■ **Work to complete**
Every line from the start of the records below to the line containing "case (insert w W)" should be retyped exactly, that line included, and no others.

■ **Data supplied**
lemma support_fun_pos:
  assumes "\<And>w. w \<in> W \<Longrightarrow> - w \<in> W" "w \<in> W" "w \<bullet> z \<noteq> 0"
  shows "0 < support_fun W z"
  using support_fun_ge[of w z] support_fun_ge[of "- w" z] assms
  by (cases "0 < w \<bullet> z") auto

end

lemma polar_eq_support_fun:
  "finite W \<Longrightarrow> W \<noteq> {} \<Longrightarrow> polar W = {z. support_fun W z \<le> 1}"
  by (simp add: polar_def support_fun_le_iff)

lemma continuous_on_support_fun:
  fixes W :: "'a::real_inner set"
  assumes "finite W" "W \<noteq> {}"
  shows "continuous_on UNIV (support_fun W)"
  using assms
proof (induction rule: finite_ne_induct)
  case (singleton w)
  have "support_fun {w} = (\<lambda>z. w \<bullet> z)"
    by (simp add: support_fun_def fun_eq_iff)
  then show ?case
    by (simp add: continuous_on_inner continuous_on_const continuous_on_id)
next
  case (insert w W)
  have "support_fun (insert w W) = (\<lambda>z. max (w \<bullet> z) (support_fun W z))"
    using insert.hyps by (simp add: support_fun_def fun_eq_iff)
  then show ?case
    using insert.IH by (auto intro!: continuous_intros)
qed

text \<open>As \<open>v\<close> runs over the upper half of the unit circle from \<open>v1\<close> to \<open>-v1\<close>, \<open>f (v - v1)\<close>
  goes from \<open>0\<close> to \<open>2\<close>, so it takes the value \<open>1\<close>.\<close>
lemma unit_sphere_contains_hexagon:
  fixes f :: "real^2 \<Rightarrow> real"
  assumes cont: "continuous_on UNIV f"
    and hom: "\<And>c x. 0 \<le> c \<Longrightarrow> f (c *\<^sub>R x) = c * f x"
    and even: "\<And>x. f (- x) = f x"
    and pos: "\<And>x. x \<noteq> 0 \<Longrightarrow> 0 < f x"
  obtains v1 v2 where "f v1 = 1" "f v2 = 1" "f (v2 - v1) = 1" "0 < det2 v1 v2"
proof -
  have zero: "f 0 = 0"
    using hom[of 0 0] by simp
  have unit: "f ((1 / f x) *\<^sub>R x) = 1" if "x \<noteq> 0" for x
    using hom[of "1 / f x" x] pos[OF that] by simp
  define v1 :: "real^2" where "v1 = (1 / f (axis 1 1)) *\<^sub>R axis 1 1"
  have v1: "f v1 = 1" "v1 \<noteq> 0"
    using unit[of "axis 1 1"] zero by (auto simp: v1_def)
  define path where "path t = (1 - 2 * t) *\<^sub>R v1 + (t * (1 - t)) *\<^sub>R rot90 v1" for t
  have det_path: "det2 v1 (path t) = t * (1 - t) * (v1 \<bullet> v1)" for t
    by (simp add: path_def det2_rot90_right)
  have path_ends: "path 0 = v1" "path 1 = - v1"
    by (simp_all add: path_def)
  have path_nonzero: "path t \<noteq> 0" for t
  proof (cases "t = 0 \<or> t = 1")
    case False
    then show ?thesis
      using det_path[of t] v1(2) by (auto simp: det2_def)
  qed (use path_ends v1(2) in auto)
  define g where "g t = f ((1 / f (path t)) *\<^sub>R path t - v1)" for t
  have "(1 / f (path 1)) *\<^sub>R path 1 - v1 = 2 *\<^sub>R (- v1)"
    using path_ends even[of v1] v1 by (simp add: scaleR_2)
  then have "g 0 = 0" "g 1 = 2"
    using zero hom[of 2 "- v1"] v1 even[of v1] path_ends by (simp_all add: g_def)
  moreover have "continuous_on {0..1} g"
    using pos path_nonzero unfolding g_def path_def
    by (intro continuous_on_compose2[OF cont] continuous_intros) (auto simp: less_imp_neq[symmetric])
  ultimately obtain t where t: "0 \<le> t" "t \<le> 1" "g t = 1"
    using IVT'[of g 0 1 1] by auto
  with \<open>g 0 = 0\<close> \<open>g 1 = 2\<close> have "t \<noteq> 0" "t \<noteq> 1"
    by auto
  define v2 where "v2 = (1 / f (path t)) *\<^sub>R path t"
  have "0 < f (path t)"
    using pos path_nonzero by blast
  moreover have "0 < t * (1 - t) * (v1 \<bullet> v1)"
    using t \<open>t \<noteq> 0\<close> \<open>t \<noteq> 1\<close> v1(2) by simp
  ultimately have "0 < det2 v1 v2"
    by (simp add: v2_def det_path)
  moreover have "f v2 = 1" "f (v2 - v1) = 1"
    using unit path_nonzero t(3) by (auto simp: v2_def g_def)
  ultimately show ?thesis
    using that v1(1) by blast
qed

lemma half_le_emeasure_polar_sector:
  assumes W: "finite W" "W \<noteq> {}" and det_W: "\<And>w w'. w \<in> W \<Longrightarrow> w' \<in> W \<Longrightarrow> det2 w w' \<le> 1"
    and unit: "support_fun W p = 1" "support_fun W q = 1" "support_fun W (p - q) = 1"
    and "0 < det2 p q"
  shows "ennreal (1/2) \<le> emeasure lborel (polar W \<inter> sector p q)"
proof -
  obtain w where w: "w \<in> W" "w \<bullet> (p - q) = 1"
    using support_fun_attained[OF W, of "p - q"] unit(3) by metis
  have "rot90 w \<in> polar W"
    using det_W[OF w(1)] by (simp add: polar_def inner_commute[of _ "rot90 w"] inner_rot90_left)
  moreover have radial: "t \<le> 1" if "support_fun W v = 1" "t *\<^sub>R v \<in> polar W" for v t
    using that support_fun_scaleR[OF W, of t v]
    by (cases "0 \<le> t") (auto simp: polar_eq_support_fun[OF W])
  moreover have "1 \<le> det2 (rot90 w) (q - p)"
    using w(2) by (simp add: det2_rot90_left inner_diff_right)
  moreover have "p \<in> polar W" "q \<in> polar W"
    using unit by (simp_all add: polar_eq_support_fun[OF W])
  ultimately show ?thesis
    using half_le_emeasure_sector[OF convex_polar sets_lborel_polar zero_in_polar] unit \<open>0 < det2 p q\<close>
    by blast
qed

definition hexagon_cycle :: "real^2 \<Rightarrow> real^2 \<Rightarrow> (real^2) list" where
  "hexagon_cycle v1 v2 = [v1, v2, v2 - v1, - v1, - v2, v1 - v2, v1]"

lemma lessThan_6: "{..<6::nat} = {0, 1, 2, 3, 4, 5}"
  by auto

lemma hexagon_cycle_edge:
  fixes v1 v2 :: "real^2"
  assumes "i < 6"
  defines "H \<equiv> hexagon_cycle v1 v2"
  shows "H ! i \<in> set H" "H ! Suc i \<in> set H" "H ! i - H ! Suc i \<in> set H"
    "det2 (H ! i) (H ! Suc i) = det2 v1 v2"
proof -
  have "i \<in> {0, 1, 2, 3, 4, 5}"
    using assms(1) by auto
  then show "H ! i \<in> set H" "H ! Suc i \<in> set H" "H ! i - H ! Suc i \<in> set H"
    "det2 (H ! i) (H ! Suc i) = det2 v1 v2"
    using det2_commute[of v1 v2] by (auto simp: H_def hexagon_cycle_def)
qed

lemma disjoint_family_hexagon_sectors:
  fixes v1 v2 :: "real^2"
  defines "H \<equiv> hexagon_cycle v1 v2"
  shows "disjoint_family_on (\<lambda>i. sector (H ! i) (H ! Suc i)) {..<6}"
proof -
  have x_v1: "det2 x v1 = - det2 v1 x" and v2_x: "det2 v2 x = - det2 x v2" for x
    by (simp_all add: det2_commute[of x])
  show ?thesis
    unfolding disjoint_family_on_def lessThan_6
    by (simp add: H_def hexagon_cycle_def sector_def x_v1 v2_x set_eq_iff)
qed

lemma emeasure_polar_ge_3:
  assumes W: "finite W" "W \<noteq> {}" and sym: "\<And>w. w \<in> W \<Longrightarrow> - w \<in> W"
    and det_W: "\<And>w w'. w \<in> W \<Longrightarrow> w' \<in> W \<Longrightarrow> det2 w w' \<le> 1"
    and span: "\<And>z. z \<noteq> 0 \<Longrightarrow> \<exists>w\<in>W. w \<bullet> z \<noteq> 0"
  shows "3 \<le> emeasure lborel (polar W)"
proof -
  obtain v1 v2 where v: "support_fun W v1 = 1" "support_fun W v2 = 1"
    "support_fun W (v2 - v1) = 1" "0 < det2 v1 v2"
    using unit_sphere_contains_hexagon[OF continuous_on_support_fun[OF W]]
      support_fun_scaleR[OF W] support_fun_uminus[OF W sym] support_fun_pos[OF W sym] span
    by metis
  define H where "H = hexagon_cycle v1 v2"
  define F where "F i = polar W \<inter> sector (H ! i) (H ! Suc i)" for i
  have unit: "support_fun W v = 1" if "v \<in> set H" for v
    using that v support_fun_uminus[OF W sym, of "v2 - v1"]
    by (auto simp: H_def hexagon_cycle_def support_fun_uminus[OF W sym])
  have "ennreal 3 = (\<Sum>i<6::nat. ennreal (1/2))"
    by (subst sum_ennreal) simp_all
  also have "\<dots> \<le> (\<Sum>i<6. emeasure lborel (F i))"
  proof (rule sum_mono)
    fix i assume "i \<in> {..<6::nat}"
    then show "ennreal (1/2) \<le> emeasure lborel (F i)"
      using hexagon_cycle_edge[of i v1 v2] unit v(4) unfolding F_def H_def
      by (intro half_le_emeasure_polar_sector[OF W det_W]) auto
  qed
  also have "\<dots> = emeasure lborel (\<Union>i<6. F i)"
    using disjoint_family_hexagon_sectors[of v1 v2]
    by (intro sum_emeasure) (auto simp: F_def H_def disjoint_family_on_def sets_lborel_polar)
  also have "\<dots> \<le> emeasure lborel (polar W)"
    by (intro emeasure_mono sets_lborel_polar) (auto simp: F_def)
  finally show ?thesis
    by simp
qed

lemma det2_le_1_if_rot90_polar:
  assumes "rot90 ` Q \<subseteq> polar Q" "x \<in> Q" "y \<in> Q"
  shows "det2 x y \<le> 1"
proof -
  have "y \<bullet> rot90 x \<le> 1"
    using assms by (auto simp: polar_def)
  then show ?thesis
    by (simp add: inner_commute[of y] inner_rot90_left)
qed

lemma det2_le_1_symmetrize:
  assumes "\<And>x y. x \<in> S \<Longrightarrow> y \<in> S \<Longrightarrow> det2 x y \<le> 1"
    and "w \<in> S \<union> uminus ` S" "w' \<in> S \<union> uminus ` S"
  shows "det2 w w' \<le> 1"
proof -
  have "det2 (- x) (- y) = det2 x y" "det2 x (- y) = det2 y x" "det2 (- x) y = det2 y x" for x y
    using det2_commute[of x y] by simp_all
  then show ?thesis
    using assms by auto
qed

lemma inner_nonzero_if_interior_convex_hull:
  fixes z :: "'a::euclidean_space"
  assumes "interior (convex hull S) \<noteq> {}" "z \<noteq> 0"
  shows "\<exists>s\<in>S. s \<bullet> z \<noteq> 0"
proof (rule ccontr)
  assume "\<not> ?thesis"
  then have "S \<subseteq> {x. z \<bullet> x = 0}"
    by (auto simp: inner_commute)
  then have "convex hull S \<subseteq> {x. z \<bullet> x = 0}"
    by (intro hull_minimal convex_hyperplane)
  then have "interior (convex hull S) \<subseteq> interior {x. z \<bullet> x = 0}"
    by (rule interior_mono)
  with assms show False
    by simp
qed

theorem lemma4:
  fixes Q :: "(real^2) set"
  assumes "convex_polygon Q"
    and "rot90 ` Q \<subseteq> polar Q"
  shows "emeasure lborel (polar Q) \<ge> 3"
proof -
  obtain S where S: "finite S" "Q = convex hull S" and interior: "interior Q \<noteq> {}"
    using assms(1) unfolding convex_polygon_def by blast
  define W where "W = S \<union> uminus ` S"
  have "S \<noteq> {}"
    using interior S(2) by auto
  have "3 \<le> emeasure lborel (polar W)"
  proof (rule emeasure_polar_ge_3)
    show "finite W" "W \<noteq> {}" "\<And>w. w \<in> W \<Longrightarrow> - w \<in> W"
      using S(1) \<open>S \<noteq> {}\<close> by (auto simp: W_def)
    show "\<And>w w'. w \<in> W \<Longrightarrow> w' \<in> W \<Longrightarrow> det2 w w' \<le> 1"
      unfolding W_def
      by (rule det2_le_1_symmetrize[OF det2_le_1_if_rot90_polar[OF assms(2)]])
        (auto simp: S(2) hull_inc)
    show "\<And>z. z \<noteq> 0 \<Longrightarrow> \<exists>w\<in>W. w \<bullet> z \<noteq> 0"
      using inner_nonzero_if_interior_convex_hull[of S] interior S(2) by (auto simp: W_def)
  qed
  also have "\<dots> \<le> emeasure lborel (polar Q)"
    unfolding S(2) polar_convex_hull W_def
    by (intro emeasure_mono polar_antimono sets_lborel_polar) auto
  finally show ?thesis .
qed

end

■ **Response**
lemma support_fun_pos:
  assumes "\<And>w. w \<in> W \<Longrightarrow> - w \<in> W" "w \<in> W" "w \<bullet> z \<noteq> 0"
  shows "0 < support_fun W z"
  using support_fun_ge[of w z] support_fun_ge[of "- w" z] assms
  by (cases "0 < w \<bullet> z") auto

end

lemma polar_eq_support_fun:
  "finite W \<Longrightarrow> W \<noteq> {} \<Longrightarrow> polar W = {z. support_fun W z \<le> 1}"
  by (simp add: polar_def support_fun_le_iff)

lemma continuous_on_support_fun:
  fixes W :: "'a::real_inner set"
  assumes "finite W" "W \<noteq> {}"
  shows "continuous_on UNIV (support_fun W)"
  using assms
proof (induction rule: finite_ne_induct)
  case (singleton w)
  have "support_fun {w} = (\<lambda>z. w \<bullet> z)"
    by (simp add: support_fun_def fun_eq_iff)
  then show ?case
    by (simp add: continuous_on_inner continuous_on_const continuous_on_id)
next
  case (insert w W)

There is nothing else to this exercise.